AtomicAdd() with zero value

Noticed that if you have a variable (float in my case) which is exactly zero, and call atomicAdd(&addr[index],var), that it will access the memory location even though the end result of the memory update operation will be no change.

Does this sound right?

I suppose this is useful if you want to get the current value (since atomic operations have a return value), but in situations where you just want to update and are not using the return value for any reason this is a waste of time.

If I checked the value for non-zero status before I invoked the atomicAdd(), and avoided the memory access (if zero) it resulted in a modest performance increase. This probably was due to the input set having about 30% zero values, so that checking only is useful in such situations.

Wonder if it might make sense to write a modified atomicAdd() which did not access the memory if the input value is either zero or negative? Anybody try such a custom implementation?

Any downsides to that approach rather than checking for non-zero before the atomicAdd() call?

The checking for zero is not atomic, unless you add some extra locking mechanism around it.

There is a race condition lingering here: i.e. the value could become non-zero in the time between the if check and the atomicAdd(), yet you’d already be in the code path that assumes that it’s zero.

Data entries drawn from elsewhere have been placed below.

(* Let $k$ be a positive integer such that $k+1$ is an odd prime. For every $\mathbf v\in N_k$ there exist $s\in\mathbb{Z}_{k+1}$ and $r\in\mathbb{Z}$ such that, working modulo $k+1$, every coordinate of $s\mathbf v+\mathbf r_k\!\left(\tfrac{r}{k+1}\right)$ lies in $\{1,\ldots,k-1\}$.
   Context: $\mathbb{Z}_{k+1}$ is the integers modulo $k+1$. $N_k:=\{\mathbf v\in\mathbb{Z}_{k+1}^k:\ \mathbf v\neq\mathbf 0 \text{ and } \mathbf v \text{ has at least one zero coordinate}\}$. For $x\in\mathbb{R}$, $\{x\}=x-\lfloor x\rfloor$ is the fractional part, and for $t\in\mathbb{R}$, $\mathbf r_k(t):=\big(\lfloor (k+1)\{t\}\rfloor,\lfloor (k+1)\{2t\}\rfloor,\ldots,\lfloor (k+1)\{kt\}\rfloor\big)\in\{0,\ldots,k\}^k$, reduced modulo $k+1$ when added to elements of $\mathbb{Z}_{k+1}^k$. *)

theory Defs
  imports Complex_Main "HOL-Computational_Algebra.Primes"
begin

text \<open>Vectors in Z_{k+1}^k are represented as functions v :: nat => int with
  coordinates v 1, ..., v k taken as canonical residues in {0..k}, and v j = 0
  for indices outside {1..k}.\<close>

definition Zvec :: "nat \<Rightarrow> (nat \<Rightarrow> int) set" where
  "Zvec k = {v. (\<forall>j\<in>{1..k}. 0 \<le> v j \<and> v j \<le> int k) \<and> (\<forall>j. j \<notin> {1..k} \<longrightarrow> v j = 0)}"

definition Nset :: "nat \<Rightarrow> (nat \<Rightarrow> int) set" where
  "Nset k = {v \<in> Zvec k. (\<exists>j\<in>{1..k}. v j \<noteq> 0) \<and> (\<exists>j\<in>{1..k}. v j = 0)}"

definition rvec :: "nat \<Rightarrow> real \<Rightarrow> nat \<Rightarrow> int" where
  "rvec k t j = \<lfloor>(real k + 1) * frac (real j * t)\<rfloor>"

end

(*
  Put p = k + 1. Since r_k(r/p) has coordinates j r mod p, we need s and r such that no
  s v_j + j r is congruent to 0 or -1. If for some m the residues v_j - j m are all nonzero
  and miss some c, then s = -1/c, r = m/c does the job. So assume no pair (s, r) works and let
  Z be the set of slopes v_j / j mod p. For m outside Z the p - 1 residues v_j - j m are then
  exactly the nonzero ones, so their product is (p - 1)! = -1 by Wilson; for m in Z it is 0.
  Summing prod_j (v_j - j x) over all residues x gives minus its coefficient of x^(p-1), which
  is (p - 1)! = -1 because p - 1 is even. Hence card Z = 1 mod p, contradicting
  2 <= card Z <= p - 1, the lower bound coming from a zero and a nonzero coordinate of v.
*)

theory Submission
  imports Defs "HOL-Number_Theory.Number_Theory" "HOL-Computational_Algebra.Polynomial"
begin

lemma sum_power_units_cong_0:
  assumes p: "prime p" and e: "0 < e" "e < p - 1"
  shows "[(\<Sum>x\<in>{1..<int p}. x ^ e) = 0] (mod int p)"
proof -
  obtain g where "residue_primroot p g"
    using prime_primitive_root_exists p prime_gt_1_nat by blast
  then have cop: "coprime (int g) (int p)" and ord_g: "ord p g = p - 1"
    using p by (auto simp: residue_primroot_def totient_prime coprime_commute)
  have "\<not> [int g ^ e = 1] (mod int p)"
  proof
    assume "[int g ^ e = 1] (mod int p)"
    then have "[g ^ e = 1] (mod p)"
      by (metis cong_int_iff of_nat_1 of_nat_power)
    then have "p - 1 dvd e"
      unfolding ord_divides ord_g .
    with e show False
      using nat_dvd_not_less[of e "p - 1"] by simp
  qed
  then have not_dvd: "\<not> int p dvd int g ^ e - 1"
    using cong_iff_dvd_diff cong_sym by blast
  define S where "S = (\<Sum>x\<in>{1..<int p}. x ^ e)"
  have "S = (\<Sum>x\<in>{1..<int p}. (int g * x mod int p) ^ e)"
    unfolding S_def using bij_betw_int_remainders_mult[OF cop]
    by (rule sum.reindex_bij_betw[symmetric])
  also have "[\<dots> = (\<Sum>x\<in>{1..<int p}. (int g * x) ^ e)] (mod int p)"
    by (intro cong_sum cong_pow) (simp add: cong_def)
  also have "(\<Sum>x\<in>{1..<int p}. (int g * x) ^ e) = int g ^ e * S"
    by (simp add: S_def power_mult_distrib sum_distrib_left)
  finally have "[int g ^ e * S = S] (mod int p)"
    by (rule cong_sym)
  then have "int p dvd (int g ^ e - 1) * S"
    by (simp add: cong_iff_dvd_diff algebra_simps)
  with not_dvd p show ?thesis
    by (simp add: S_def cong_0_iff prime_dvd_mult_iff)
qed

lemma sum_power_residues_cong:
  assumes p: "prime p" and i: "i \<le> p - 1"
  shows "[(\<Sum>m\<in>{0..<int p}. m ^ i) = (if i = p - 1 then -1 else 0)] (mod int p)"
proof -
  have p1: "p > 1"
    using p prime_gt_1_nat by blast
  have units: "{0..<int p} = insert 0 {1..<int p}"
    using p1 by auto
  consider "i = 0" | "i = p - 1" | "0 < i" "i < p - 1"
    using i p1 by linarith
  then show ?thesis
  proof cases
    case 1
    then show ?thesis
      using p1 by (simp add: cong_def)
  next
    case 2
    have "(\<Sum>m\<in>{0..<int p}. m ^ i) = (\<Sum>m\<in>{1..<int p}. m ^ (p - 1))"
      using 2 p1 by (simp add: units)
    also have "[\<dots> = (\<Sum>m\<in>{1..<int p}. 1)] (mod int p)"
    proof (rule cong_sum)
      fix m assume "m \<in> {1..<int p}"
      then obtain n where n: "m = int n" "0 < n" "n < p"
        by (metis atLeastLessThan_iff int_one_le_iff_zero_less of_nat_less_iff zero_less_imp_eq_int)
      then have "[n ^ (p - 1) = 1] (mod p)"
        using fermat_theorem p nat_dvd_not_less by blast
      then show "[m ^ (p - 1) = 1] (mod int p)"
        unfolding n(1) by (metis cong_int_iff of_nat_1 of_nat_power)
    qed
    also have "(\<Sum>m\<in>{1..<int p}. 1) = int p - 1"
      using p1 by simp
    also have "[int p - 1 = -1] (mod int p)"
      by (simp add: cong_def)
    finally show ?thesis
      using 2 by simp
  next
    case 3
    then show ?thesis
      using sum_power_units_cong_0[OF p 3] by (simp add: units power_0_left)
  qed
qed
lemma card_permutes_card_fixpts_eq:
  "card {\<pi>. \<pi> permutes players m \<and> card (fixpts m \<pi>) = l} = (m choose l) * subfact (m - l)"
proof -
  let ?\<S> = "{S. S \<subseteq> players m \<and> card S = l}"
  have "{\<pi>. \<pi> permutes players m \<and> card (fixpts m \<pi>) = l} =
        (\<Union>S\<in>?\<S>. {\<pi>. \<pi> permutes players m \<and> fixpts m \<pi> = S})"
    using fixpts_subset_players by blast
  also have "card \<dots> = (\<Sum>S\<in>?\<S>. card {\<pi>. \<pi> permutes players m \<and> fixpts m \<pi> = S})"
    by (rule card_UN_disjoint) (auto intro: finite_subset[OF _ finite_permutations])
  also have "\<dots> = (\<Sum>S\<in>?\<S>. subfact (m - l))"
    by (rule sum.cong) (simp_all add: card_permutes_fixpts_eq)
  also have "\<dots> = (m choose l) * subfact (m - l)"
    using n_subsets[of "players m" l] by simp
  finally show ?thesis .
qed

lemma sum_pow2_card_fixpts:
  "(\<Sum>\<pi> | \<pi> permutes players m. (2::nat) ^ card (fixpts m \<pi>)) = Vcount m"
proof -
  let ?P = "{\<pi>. \<pi> permutes players m}"
  have "(\<Sum>\<pi>\<in>?P. (2::nat) ^ card (fixpts m \<pi>)) =
        (\<Sum>l=0..m. \<Sum>\<pi>\<in>{\<pi>\<in>?P. card (fixpts m \<pi>) = l}. 2 ^ card (fixpts m \<pi>))"
    by (rule sum.group[symmetric])
      (auto simp: finite_permutations intro!: card_mono[of "players m", simplified] fixpts_subset_players)
  also have "\<dots> = (\<Sum>l=0..m. 2 ^ l * card {\<pi>. \<pi> permutes players m \<and> card (fixpts m \<pi>) = l})"
    by (rule sum.cong) auto
  also have "\<dots> = Vcount m"
    by (simp add: Vcount_def card_permutes_card_fixpts_eq mult_ac)
  finally show ?thesis .
qed

lemma product_game_param_bounds:
  assumes "is_product_game m U v a" "i \<in> players m" "j \<in> players m" "i \<noteq> j"
  shows "0 < a i j" "a i j < 1"
  using assms unfolding is_product_game_def by blast+

lemma product_game_param_inj:
  assumes "is_product_game m U v a" "a i1 j = a i2 j"
    "i1 \<in> players m" "i2 \<in> players m" "j \<in> players m" "i1 \<noteq> j" "i2 \<noteq> j"
  shows "i1 = i2"
  using assms unfolding is_product_game_def by metis

lemma lam_eq_0_iff:
  assumes "is_product_game m U v a" "\<gamma> \<in> mixed_profiles m" "i \<in> players m"
  shows "lam m U i \<gamma> = 0 \<longleftrightarrow> (\<exists>j\<in>players m - {i}. \<gamma> j = a i j)"
proof -
  have "lam m U i \<gamma> = (-1) ^ (v i) * (\<Prod>j\<in>players m - {i}. (\<gamma> j - a i j))"
    using assms unfolding is_product_game_def by blast
  then show ?thesis by simp
qed

lemma EC_eq_PiE:
  assumes pg: "is_product_game m U v a" and \<pi>: "\<pi> permutes players m"
  shows "EC m a \<pi> = (\<Pi>\<^sub>E j\<in>players m. if j \<in> fixpts m \<pi> then {0, 1} else {a (\<pi> j) j})"
    (is "_ = (\<Pi>\<^sub>E j\<in>_. ?T j)")
proof -
  have interior: "0 < a (\<pi> j) j \<and> a (\<pi> j) j < 1" if "j \<in> players m" "j \<notin> fixpts m \<pi>" for j
    using that product_game_param_bounds[OF pg] permutes_in_image[OF \<pi>]
    by (auto simp: fixpts_def)
  have pointwise: "(x \<in> {0..1} \<and> (x \<in> {0, 1} \<longleftrightarrow> j \<in> fixpts m \<pi>) \<and>
                    (j \<notin> fixpts m \<pi> \<longrightarrow> x = a (\<pi> j) j)) \<longleftrightarrow> x \<in> ?T j"
    if "j \<in> players m" for j and x :: real
    using interior[OF that] by auto
  have Lset_iff: "Lset m \<gamma> = fixpts m \<pi> \<longleftrightarrow>
                  (\<forall>j\<in>players m. \<gamma> j \<in> {0, 1} \<longleftrightarrow> j \<in> fixpts m \<pi>)" for \<gamma>
    using fixpts_subset_players[of m \<pi>] unfolding Lset_def by blast
  show ?thesis
  proof (intro set_eqI)
    fix \<gamma>
    show "\<gamma> \<in> EC m a \<pi> \<longleftrightarrow> \<gamma> \<in> (\<Pi>\<^sub>E j\<in>players m. ?T j)"
      unfolding EC_def mixed_profiles_def mem_Collect_eq Lset_iff PiE_iff
      using pointwise[of _ "\<gamma> _"] by blast
  qed
qed

lemma card_EC:
  assumes "is_product_game m U v a" "\<pi> permutes players m"
  shows "finite (EC m a \<pi>)" "card (EC m a \<pi>) = 2 ^ card (fixpts m \<pi>)"
proof -
  have "(\<Prod>j\<in>players m. card (if j \<in> fixpts m \<pi> then {0, 1::real} else {a (\<pi> j) j}))
        = (\<Prod>j\<in>players m. if j \<in> fixpts m \<pi> then 2 else 1)"
    by (rule prod.cong) auto
  also have "\<dots> = 2 ^ card (fixpts m \<pi>)"
    using fixpts_subset_players[of m \<pi>] by (simp add: prod.If_cases Int_absorb1)
  finally show "card (EC m a \<pi>) = 2 ^ card (fixpts m \<pi>)"
    by (simp add: EC_eq_PiE[OF assms] card_PiE)
  show "finite (EC m a \<pi>)"
    by (simp add: EC_eq_PiE[OF assms] finite_PiE)
qed

lemma permutes_mem_EC_unique:
  assumes pg: "is_product_game m U v a"
    and \<pi>1: "\<pi>1 permutes players m" and \<pi>2: "\<pi>2 permutes players m"
    and "\<gamma> \<in> EC m a \<pi>1" "\<gamma> \<in> EC m a \<pi>2"
  shows "\<pi>1 = \<pi>2"
proof
  fix j
  have F: "fixpts m \<pi>1 = fixpts m \<pi>2"
    using assms(4,5) by (simp add: EC_def)
  consider "j \<notin> players m" | "j \<in> fixpts m \<pi>1" | "j \<in> players m - fixpts m \<pi>1"
    by blast
  then show "\<pi>1 j = \<pi>2 j"
  proof cases
    case 1
    then show ?thesis using \<pi>1 \<pi>2 by (simp add: permutes_not_in)
  next
    case 2
    moreover from this have "j \<in> fixpts m \<pi>2"
      using F by simp
    ultimately show ?thesis
      by (simp add: fixpts_def)
  next
    case 3
    then have "a (\<pi>1 j) j = a (\<pi>2 j) j"
      using assms(4,5) F by (auto simp: EC_def)
    with 3 F show ?thesis
      by (intro product_game_param_inj[OF pg])
        (auto simp: fixpts_def permutes_in_image[OF \<pi>1] permutes_in_image[OF \<pi>2])
  qed
qed

lemma EC_derangement_nash:
  assumes pg: "is_product_game m U v a" and \<pi>: "\<pi> permutes players m"
    and no_fix: "fixpts m \<pi> = {}" and \<gamma>: "\<gamma> \<in> EC m a \<pi>"
  shows "nash m U \<gamma>"
proof -
  have mixed: "\<gamma> \<in> mixed_profiles m" and interior: "Lset m \<gamma> = {}"
    and on_a: "\<forall>j\<in>players m. \<gamma> j = a (\<pi> j) j"
    using \<gamma> no_fix by (auto simp: EC_def)
  have "lam m U i \<gamma> = 0" if i: "i \<in> players m" for i
  proof -
    let ?j = "inv \<pi> i"
    have "?j \<in> players m" "\<pi> ?j = i"
      using \<pi> i by (simp_all add: permutes_inv permutes_in_image permutes_inverses(1))
    moreover from this have "?j \<noteq> i"
      using no_fix by (auto simp: fixpts_def)
    ultimately show ?thesis
      using lam_eq_0_iff[OF pg mixed i] on_a by force
  qed
  then show ?thesis
    using mixed interior by (auto simp: nash_def Lset_def)
qed

lemma permutes_right_inverse_of_inj_on:
  assumes "finite I" "\<sigma> ` I \<subseteq> I" "inj_on \<sigma> I"
  obtains \<pi> where "\<pi> permutes I" "\<forall>j\<in>I. \<sigma> (\<pi> j) = j"
proof
  have bij: "bij_betw \<sigma> I I"
    using assms by (simp add: bij_betw_def endo_inj_surj)
  let ?\<pi> = "\<lambda>j. if j \<in> I then inv_into I \<sigma> j else j"
  have "bij_betw ?\<pi> I I"
    using bij_betw_inv_into[OF bij] by (rule bij_betw_cong[THEN iffD1, rotated]) simp
  then show "?\<pi> permutes I"
    by (rule bij_imp_permutes) simp
  show "\<forall>j\<in>I. \<sigma> (?\<pi> j) = j"
    using bij by (simp add: bij_betw_imp_surj_on f_inv_into_f)
qed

With floating-point, there are a few corner cases in which you can actually change a value by adding zero to it. For instance, a negative zero can be turned into a positive zero. Also, floating-point atomic operations do not support subnormals, so an existing subnormal number will be flushed to zero by the operation.

If this behavior does not matter for your application and you have many zero-adding atomicAdds, you can indeed write a version of atomicAdd incorporating a check. However, this is not something the compiler or hardware could do automatically because of floating-point standard compliance.

I was talking about preventing the atomicAdd() if the thread-local value turns out to be zero.

Wanted to prevent the global operation if the scalar input value to be added to the current global sum was either zero or within some ‘bad and do not waste time on a global update because it will not make a difference’ range.